HotTiles: Accelerating SpMM with Heterogeneous Accelerator Architectures.

Sparse Matrix Dense Matrix Multiplication (SpMM) is an important kernel with application across a wide range of domains, including machine learning and linear algebra solvers. In many sparse matrices, the pattern of nonzeros is nonuniform: nonzeros form dense and sparse regions, rather than being uniformly distributed across the whole matrix. We refer to this property as Intra-Matrix Heterogeneity (IMH). Currently, SpMM accelerator designs do not leverage this heterogeneity.
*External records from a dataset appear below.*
lemma algebraic_fps_affine:
  fixes f :: "'a::idom fps" and a b :: "'a poly"
  assumes "algebraic_fps f"
  shows "algebraic_fps (fps_of_poly a + fps_of_poly b * f)"
proof -
  obtain P where P: "P \<noteq> 0" "poly_coeffs P" "poly P f = 0"
    using assms unfolding algebraic_fps_def by blast
  define d where "d = degree P"
  define R where "R = (\<Sum>i\<le>d. monom (coeff P i * fps_of_poly b ^ (d - i)) i)"
  have coeff_R: "coeff R n = (if n \<le> d then coeff P n * fps_of_poly b ^ (d - n) else 0)" for n
    by (simp add: R_def coeff_sum coeff_monom)
  have "R \<noteq> 0"
    using coeff_R[of d] P(1) by (auto simp: d_def)
  have "poly_coeffs R"
    using P(2) by (auto simp: poly_coeffs_def coeff_R)
  have "poly R (fps_of_poly b * f) = (\<Sum>i\<le>d. fps_of_poly b ^ d * (coeff P i * f ^ i))"
    unfolding R_def poly_sum poly_monom
    by (intro sum.cong refl) (simp add: power_mult_distrib algebra_simps flip: power_add)
  also have "\<dots> = 0"
    using P(3) by (simp add: poly_altdef d_def flip: sum_distrib_left)
  finally have "poly R (fps_of_poly b * f) = 0" .
  define Q where "Q = pcompose R [:- fps_of_poly a, 1:]"
  have "poly Q (fps_of_poly a + fps_of_poly b * f) = 0"
    unfolding Q_def poly_pcompose using \<open>poly R _ = 0\<close> by simp
  moreover have "Q \<noteq> 0"
    unfolding Q_def using \<open>R \<noteq> 0\<close> pcompose_eq_0 by fastforce
  moreover have "poly_coeffs Q"
    unfolding Q_def using \<open>poly_coeffs R\<close>
    by (intro poly_coeffs_pcompose) (auto simp flip: fps_of_poly_uminus fps_of_poly_1)
  ultimately show ?thesis unfolding algebraic_fps_def by blast
qed

lemma minimal_annihilator:
  fixes H :: "'a::idom fps"
  assumes "algebraic_fps H" "H \<noteq> 0"
  obtains P where "P \<noteq> 0" "poly_coeffs P" "poly P H = 0" "degree P > 0" "coeff P 0 \<noteq> 0"
    "\<And>Q. Q \<noteq> 0 \<Longrightarrow> poly_coeffs Q \<Longrightarrow> poly Q H = 0 \<Longrightarrow> degree P \<le> degree Q"
proof -
  define annihilates where "annihilates Q \<longleftrightarrow> Q \<noteq> 0 \<and> poly_coeffs Q \<and> poly Q H = 0" for Q
  obtain P0 where "annihilates P0"
    using assms(1) unfolding algebraic_fps_def annihilates_def by blast
  then obtain P where P: "annihilates P" and min: "\<And>Q. annihilates Q \<Longrightarrow> degree P \<le> degree Q"
    using ex_has_least_nat[where m = degree] by blast
  have "degree P > 0"
  proof (rule ccontr)
    assume "\<not> degree P > 0"
    then obtain c where "P = [:c:]" by (auto elim: degree_eq_zeroE)
    then show False using P by (auto simp: annihilates_def)
  qed
  moreover have "coeff P 0 \<noteq> 0"
  proof
    assume "coeff P 0 = 0"
    then obtain Q where Q: "P = pCons 0 Q" by (metis pCons_cases coeff_pCons_0)
    then have "annihilates Q"
      using P assms(2) by (auto simp: annihilates_def)
    then show False
      using min[of Q] P Q by (auto simp: annihilates_def)
  qed
  ultimately show ?thesis
    using that P min unfolding annihilates_def by blast
qed
lemma condE_P:
  assumes "\<sigma> \<in> sets Rplus_borel"
  shows "AE x in M. condE M \<phi> (\<lambda>y. emeasure (P y) \<sigma>) x
           = ediv (\<integral>\<^sup>+t\<in>\<sigma>. ennreal t \<partial>P (\<phi> x)) (hphi M \<phi> 1 (\<phi> x))"
proof (rule condE_eq_ediv_comp[OF emeasure_P_measurable[OF assms] _ distr_density_P[OF assms]])
  have [measurable]: "\<sigma> \<in> sets borel"
    using assms by (simp add: sets_Rplus_borel_iff)
  show "(\<lambda>y. \<integral>\<^sup>+t\<in>\<sigma>. ennreal t \<partial>P y) \<in> borel_measurable M"
    by measurable
qed

lemma condE_hphi_eq_if_condE_P_eq:
  assumes "\<forall>\<sigma>\<in>sets Rplus_borel. AE x in M. condE M \<phi> (\<lambda>y. emeasure (P y) \<sigma>) x = emeasure (P x) \<sigma>"
  shows "AE x in M. condE M \<phi> (hphi M \<phi> n) x = hphi M \<phi> n x"
proof -
  \<comment> \<open>Each \<open>P(\<cdot>,\<sigma>)\<close>, hence also each moment \<open>hphi n\<close>, agrees a.e. with a \<open>\<phi>\<^sup>-\<^sup>1(\<A>)\<close>-measurable function.\<close>
  have "\<exists>g\<in>borel_measurable (vimage_algebra (space M) \<phi> M). AE x in M. (\<integral>\<^sup>+t. ennreal (t ^ n) \<partial>P x) = g x"
  proof (rule kernel_nn_integral_AE_eq_measurable[OF sets_P])
    fix \<sigma> assume "\<sigma> \<in> sets Rplus_borel"
    with assms have "AE x in M. emeasure (P x) \<sigma> = condE M \<phi> (\<lambda>y. emeasure (P y) \<sigma>) x"
      by (auto elim!: eventually_mono)
    then show "\<exists>g\<in>borel_measurable (vimage_algebra (space M) \<phi> M). AE x in M. emeasure (P x) \<sigma> = g x"
      unfolding condE_def by (rule bexI[OF _ borel_measurable_nn_cond_exp])
  qed (auto intro: measurable_restrict_space1)
  then obtain g where "g \<in> borel_measurable (vimage_algebra (space M) \<phi> M)"
    and "AE x in M. (\<integral>\<^sup>+t. ennreal (t ^ n) \<partial>P x) = g x"
    by blast
  moreover from this(2) AE_hphi_eq_moment have "AE x in M. hphi M \<phi> n x = g x"
    by eventually_elim simp
  ultimately show ?thesis
    unfolding condE_def
    by (intro sigma_finite_subalgebra.nn_cond_exp_AE_eq_self[OF sigma_finite_subalgebra_vimage]) simp_all
qed

lemma nn_integral_density_divide:
  assumes "y \<in> space M" and [measurable]: "f \<in> borel_measurable borel"
  shows "(\<integral>\<^sup>+t. f t \<partial>density (P y) (\<lambda>t. ennreal t / b)) = (\<integral>\<^sup>+t. ennreal t * f t \<partial>P y) / b"
proof -
  have [measurable]: "g \<in> borel_measurable (P y)" if "g \<in> borel_measurable borel" for g :: "real \<Rightarrow> ennreal"
    by (rule borel_measurable_sets_eq_Rplus_borel[OF sets_P[OF assms(1)] that])
  have "(\<integral>\<^sup>+t. f t \<partial>density (P y) (\<lambda>t. ennreal t / b)) = (\<integral>\<^sup>+t. ennreal t * f t / b \<partial>P y)"
    by (simp add: nn_integral_density ennreal_times_divide mult.commute)
  also have "\<dots> = (\<integral>\<^sup>+t. ennreal t * f t \<partial>P y) / b"
    by (rule nn_integral_divide) simp
  finally show ?thesis .
qed

lemma P_eq_density_if_moments_eq:
  assumes "x \<in> space M" "y \<in> space M" and support: "AE t in P x. t \<le> c" "AE t in P y. t \<le> c"
    and moments: "\<And>k. (\<integral>\<^sup>+t. ennreal (t ^ k) \<partial>P x) = (\<integral>\<^sup>+t. ennreal (t ^ Suc k) \<partial>P y) / b"
  shows "P x = density (P y) (\<lambda>t. ennreal t / b)"
proof (rule Rplus_measure_eq_if_moments_eq)
  have [measurable]: "(\<lambda>t. ennreal t / b) \<in> borel_measurable (P y)"
    by (rule borel_measurable_sets_eq_Rplus_borel[OF sets_P[OF assms(2)]]) simp
  show "sets (P x) = sets Rplus_borel" "sets (density (P y) (\<lambda>t. ennreal t / b)) = sets Rplus_borel"
    using assms(1,2) by (simp_all add: sets_P)
  show "AE t in P x. t \<le> c"
    by (rule support(1))
  show "AE t in density (P y) (\<lambda>t. ennreal t / b). t \<le> c"
    using support(2) by (subst AE_density) (auto elim: eventually_mono)
  show "emeasure (P x) (space (P x)) \<noteq> \<infinity>"
    using prob_space.emeasure_space_1[OF prob_space_P[OF assms(1)]] by simp
  show "(\<integral>\<^sup>+t. ennreal (t ^ k) \<partial>P x) = (\<integral>\<^sup>+t. ennreal (t ^ k) \<partial>density (P y) (\<lambda>t. ennreal t / b))" for k
    using assms(2) by (simp add: moments nn_integral_density_divide nn_integral_P_mult_ennreal)
qed

lemma AE_P_eq_density_comp_if_condE_hphi_eq:
  assumes condE: "\<forall>n. AE x in M. condE M \<phi> (hphi M \<phi> n) x = hphi M \<phi> n x"
  shows "AE x in M. P x = density (P (\<phi> x)) (\<lambda>t. ennreal t / hphi M \<phi> 1 (\<phi> x))"
proof -
  have "AE x in M. hphi M \<phi> n x = ediv (hphi M \<phi> (Suc n) (\<phi> x)) (hphi M \<phi> 1 (\<phi> x))" for n
    using condE[rule_format, of n] condE_hphi[of n] by eventually_elim simp
  then have "AE x in M. \<forall>n. hphi M \<phi> n x = ediv (hphi M \<phi> (Suc n) (\<phi> x)) (hphi M \<phi> 1 (\<phi> x))"
    by (simp add: AE_all_countable)
  moreover note AE_hphi_eq_moment AE_comp[OF AE_hphi_eq_moment]
    AE_P_support AE_comp[OF AE_P_support] AE_hphi_1_comp_ne_0
  ultimately show ?thesis
    using AE_space
  proof eventually_elim
    case (elim x)
    have "\<phi> x \<in> space M"
      using elim(7) measurable_space[OF measurable_\<phi>] by blast
    show ?case
    proof (rule P_eq_density_if_moments_eq[OF elim(7) \<open>\<phi> x \<in> space M\<close> elim(4,5)])
      show "(\<integral>\<^sup>+t. ennreal (t ^ k) \<partial>P x) = (\<integral>\<^sup>+t. ennreal (t ^ Suc k) \<partial>P (\<phi> x)) / hphi M \<phi> 1 (\<phi> x)" for k
        using elim(1,2,3,6) by (simp add: ediv_def)
    qed
  qed
qed

lemma P_eq_if_condE_hphi_eq:
  assumes "\<forall>n. AE x in M. condE M \<phi> (hphi M \<phi> n) x = hphi M \<phi> n x"
    and \<sigma>: "\<sigma> \<in> sets Rplus_borel"
  shows "AE x in M. emeasure (P x) \<sigma> = ediv (\<integral>\<^sup>+t\<in>\<sigma>. ennreal t \<partial>P (\<phi> x)) (hphi M \<phi> 1 (\<phi> x))"
  using AE_P_eq_density_comp_if_condE_hphi_eq[OF assms(1)] AE_hphi_1_comp_ne_0 AE_space
proof eventually_elim
  case (elim x)
  then have "\<phi> x \<in> space M"
    using measurable_space[OF measurable_\<phi>] by blast
  moreover have "(\<lambda>t. indicator \<sigma> t :: ennreal) \<in> borel_measurable borel"
    using \<sigma> by (simp add: sets_Rplus_borel_iff borel_measurable_indicator)
  ultimately show ?case
    using elim(1,2) \<sigma> by (simp add: sets_P nn_integral_density_divide[symmetric] ediv_def)
qed

end
lemma closed_weight_Suc_zeros:
  assumes nd: "nondegenerate (n + Suc r) v"
  shows "closed_weight i n (Suc r) v = closed_weight i n r v
    * (f (2 * \<eta> * (of_nat n + of_nat r + 1)) * f (lam + 2 * \<eta> * (of_nat i + of_nat n - of_nat r))
       * f (\<eta> * Lam - v - 2 * \<eta> * (of_nat i + of_nat n + of_nat r))
       * f (lam + 2 * \<eta> * (of_nat n - of_nat r - 1)))
    / (f (2 * \<eta> * (of_nat r + 1)) * f (\<eta> * Lam - v - 2 * \<eta> * (of_nat n + of_nat r))
       * f (lam + 2 * \<eta> * (of_nat n - of_nat r)) * f (lam - 2 * \<eta> * (of_nat r + 1)))"
proof -
  have shift: "f (lam + 2 * \<eta> * (of_nat n - of_nat r - 1)) \<noteq> 0"
    using nondegenerateD(2) [OF nd, of "int n - int r - 1"] by simp
  have "weight_den n r v \<noteq> 0"
    using nd by (rule weight_den_nonzero) simp
  moreover have "f (2 * \<eta> * of_nat (Suc r)) \<noteq> 0"
    by (rule nondegenerateD(1) [OF nd]) simp_all
  moreover have "f (lam + 2 * \<eta> * of_int (int n - int r)) \<noteq> 0" "f (lam + 2 * \<eta> * of_int (- int r - 1)) \<noteq> 0"
    by (rule nondegenerateD(2) [OF nd]; simp)+
  moreover have "f (\<eta> * Lam - v - 2 * \<eta> * of_nat (n + r)) \<noteq> 0"
    by (rule nondegenerateD(3) [OF nd]) simp
  moreover have "closed_weight i n (Suc r) v = weight_num i n (Suc r) v
    * f (lam + 2 * \<eta> * (of_nat n - of_nat r - 1))
      / (weight_den n (Suc r) v * f (lam + 2 * \<eta> * (of_nat n - of_nat r - 1)))"
    unfolding closed_weight_def using shift by simp
  ultimately show ?thesis
    unfolding weight_den_Suc_zeros weight_num_Suc_zeros closed_weight_def
      using shift by (simp add: field_simps)
qed

lemma closed_weight_Suc_ones:
  assumes nd: "nondegenerate (Suc n + r) v"
  shows "closed_weight i (Suc n) r v = closed_weight (Suc i) n r v
    * (f (2 * \<eta>) * f (2 * \<eta> * (of_nat n + of_nat r + 1))
       * f (v + lam + 2 * \<eta> * (of_nat i + 2 * of_nat n + 1) - \<eta> * Lam)
       * f (lam + 2 * \<eta> * (of_nat n - of_nat r + 1)))
    / (f (2 * \<eta> * (of_nat n + 1)) * f (\<eta> * Lam - v - 2 * \<eta> * (of_nat n + of_nat r))
       * f (lam + 2 * \<eta> * (of_nat n + 1)) * f (lam + 2 * \<eta> * (of_nat n - of_nat r)))"
proof -
  have shift: "f (lam + 2 * \<eta> * (of_nat n - of_nat r + 1)) \<noteq> 0"
    using nondegenerateD(2) [OF nd, of "int n - int r + 1"] by simp
  have "weight_den n r v \<noteq> 0"
    using nd by (rule weight_den_nonzero) simp
  moreover have "f (2 * \<eta> * of_nat (Suc n)) \<noteq> 0"
    by (rule nondegenerateD(1) [OF nd]) simp_all
  moreover have "f (lam + 2 * \<eta> * of_int (int n + 1)) \<noteq> 0" "f (lam + 2 * \<eta> * of_int (int n - int r)) \<noteq> 0"
    by (rule nondegenerateD(2) [OF nd]; simp)+
  moreover have "f (\<eta> * Lam - v - 2 * \<eta> * of_nat (n + r)) \<noteq> 0"
    by (rule nondegenerateD(3) [OF nd]) simp
  moreover have "closed_weight i (Suc n) r v = weight_num i (Suc n) r v
    * f (lam + 2 * \<eta> * (of_nat n - of_nat r + 1))
      / (weight_den (Suc n) r v * f (lam + 2 * \<eta> * (of_nat n - of_nat r + 1)))"
    unfolding closed_weight_def using shift by simp
  ultimately show ?thesis
    unfolding weight_den_Suc_ones weight_num_Suc_ones closed_weight_def
      using shift by (simp add: field_simps)
qed

lemma closed_weight_Suc_Suc:
  assumes nd: "nondegenerate (Suc n + Suc r) v"
  shows "closed_weight i (Suc n) (Suc r) v = closed_weight (Suc i) n r (v + 2 * \<eta>)
    * (f (2 * \<eta>) * f (2 * \<eta> * (of_nat n + of_nat r + 2)) * f (2 * \<eta> * (of_nat n + of_nat r + 1))
       * f (lam + 2 * \<eta> * (of_nat i + of_nat n + 1 - of_nat r))
       * f (v + lam + 2 * \<eta> * (of_nat i + of_nat n + 1) - \<eta> * Lam)
       * f (\<eta> * Lam - v - 2 * \<eta> * (of_nat i + of_nat n + 1)))
    / (f (2 * \<eta> * (of_nat r + 1)) * f (2 * \<eta> * (of_nat n + 1)) * f (\<eta> * Lam - v)
       * f (\<eta> * Lam - v - 2 * \<eta> * (of_nat n + of_nat r + 1))
       * f (lam + 2 * \<eta> * (of_nat n + 1)) * f (lam - 2 * \<eta> * (of_nat r + 1)))"
proof -
  have "nondegenerate (Suc (Suc n + r)) v"
    using nd by simp
  then have "weight_den n r (v + 2 * \<eta>) \<noteq> 0"
    by (rule weight_den_nonzero [OF nondegenerate_Suc]) simp
  moreover have "f (2 * \<eta> * of_nat (Suc n)) \<noteq> 0" "f (2 * \<eta> * of_nat (Suc r)) \<noteq> 0"
    by (rule nondegenerateD(1) [OF nd]; simp)+
  moreover have "f (lam + 2 * \<eta> * of_int (int n + 1)) \<noteq> 0" "f (lam + 2 * \<eta> * of_int (- int r - 1)) \<noteq> 0"
    by (rule nondegenerateD(2) [OF nd]; simp)+
  moreover have "f (\<eta> * Lam - v - 2 * \<eta> * of_nat 0) \<noteq> 0"
    "f (\<eta> * Lam - v - 2 * \<eta> * of_nat (Suc (n + r))) \<noteq> 0"
    by (rule nondegenerateD(3) [OF nd]; simp)+
  ultimately show ?thesis
    unfolding closed_weight_def weight_num_Suc_Suc weight_den_Suc_Suc by (simp add: field_simps)
qed

lemma closed_weight_no_ones:
  assumes nd: "nondegenerate (Suc r) v"
  shows "closed_weight i 0 (Suc r) v
    = W1 f \<eta> Lam (int i) 0 (int i) 0 v (lam - 2 * \<eta> * of_nat r) * closed_weight i 0 r (v + 2 * \<eta>)"
proof -
  have "weight_den 0 r (v + 2 * \<eta>) \<noteq> 0"
    using nondegenerate_Suc [OF nd] by (rule weight_den_nonzero) simp
  moreover have "f (2 * \<eta> * of_nat (Suc r)) \<noteq> 0"
    by (rule nondegenerateD(1) [OF nd]) simp_all
  moreover have "f (lam + 2 * \<eta> * of_int (- int r)) \<noteq> 0"
    by (rule nondegenerateD(2) [OF nd]) simp
  moreover have "f (\<eta> * Lam - v - 2 * \<eta> * of_nat 0) \<noteq> 0"
    by (rule nondegenerateD(3) [OF nd]) simp
  ultimately show ?thesis
    unfolding closed_weight_def weight_num_no_ones weight_den_no_ones W1_zero_zero
      by (simp add: field_simps)
qed

lemma closed_weight_no_zeros:
  assumes nd: "nondegenerate (Suc n) v"
  shows "closed_weight i (Suc n) 0 v
    = W1 f \<eta> Lam (int i) 1 (int i + 1) 0 v (lam + 2 * \<eta> * of_nat n) * closed_weight (Suc i) n 0 (v + 2 * \<eta>)"
proof -
  have "weight_den n 0 (v + 2 * \<eta>) \<noteq> 0"
    using nondegenerate_Suc [OF nd] by (rule weight_den_nonzero) simp
  moreover have "f (2 * \<eta> * of_nat (Suc n)) \<noteq> 0"
    by (rule nondegenerateD(1) [OF nd]) simp_all
  moreover have "f (lam + 2 * \<eta> * of_int (int n)) \<noteq> 0"
    by (rule nondegenerateD(2) [OF nd]) simp
  moreover have "f (\<eta> * Lam - v - 2 * \<eta> * of_nat 0) \<noteq> 0"
    by (rule nondegenerateD(3) [OF nd]) simp
  ultimately show ?thesis
    unfolding closed_weight_def weight_num_no_zeros weight_den_no_zeros W1_one_zero
      by (simp add: field_simps)
qed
They employ the same processing elements (PEs) for all the regions of a sparse matrix, resulting in suboptimal acceleration. To address this limitation, we utilize heterogeneous SpMM accelerator architectures, which include different types of PEs to exploit IMH. We develop an analytical modeling framework to predict the performance of different types of accelerator PEs taking into account IMH. Furthermore, we present a heuristic for partitioning sparse matrices among heterogeneous PEs. We call our matrix modeling and partitioning method HotTiles. To evaluate HotTiles, we simulate three different heterogeneous architectures. Each one consists of two types of workers (i.e., PEs): one suited for compute-bound denser regions (Hot Worker) and one for memory-bound sparser regions (Cold Worker). Our results show that exploiting IMH with HotTiles is very effective. Depending on the architecture, heterogeneous execution with HotTiles outperforms homogeneous execution using only hot or only cold workers by 9.2-16.8x and 1.4-3.7x, respectively. In addition, HotTiles outperforms the best worker type used on a per-matrix basis by 1.3-2.5 x. Finally, HotTiles outperforms an IMH-unaware heterogeneous execution strategy by 1.4-2.2x.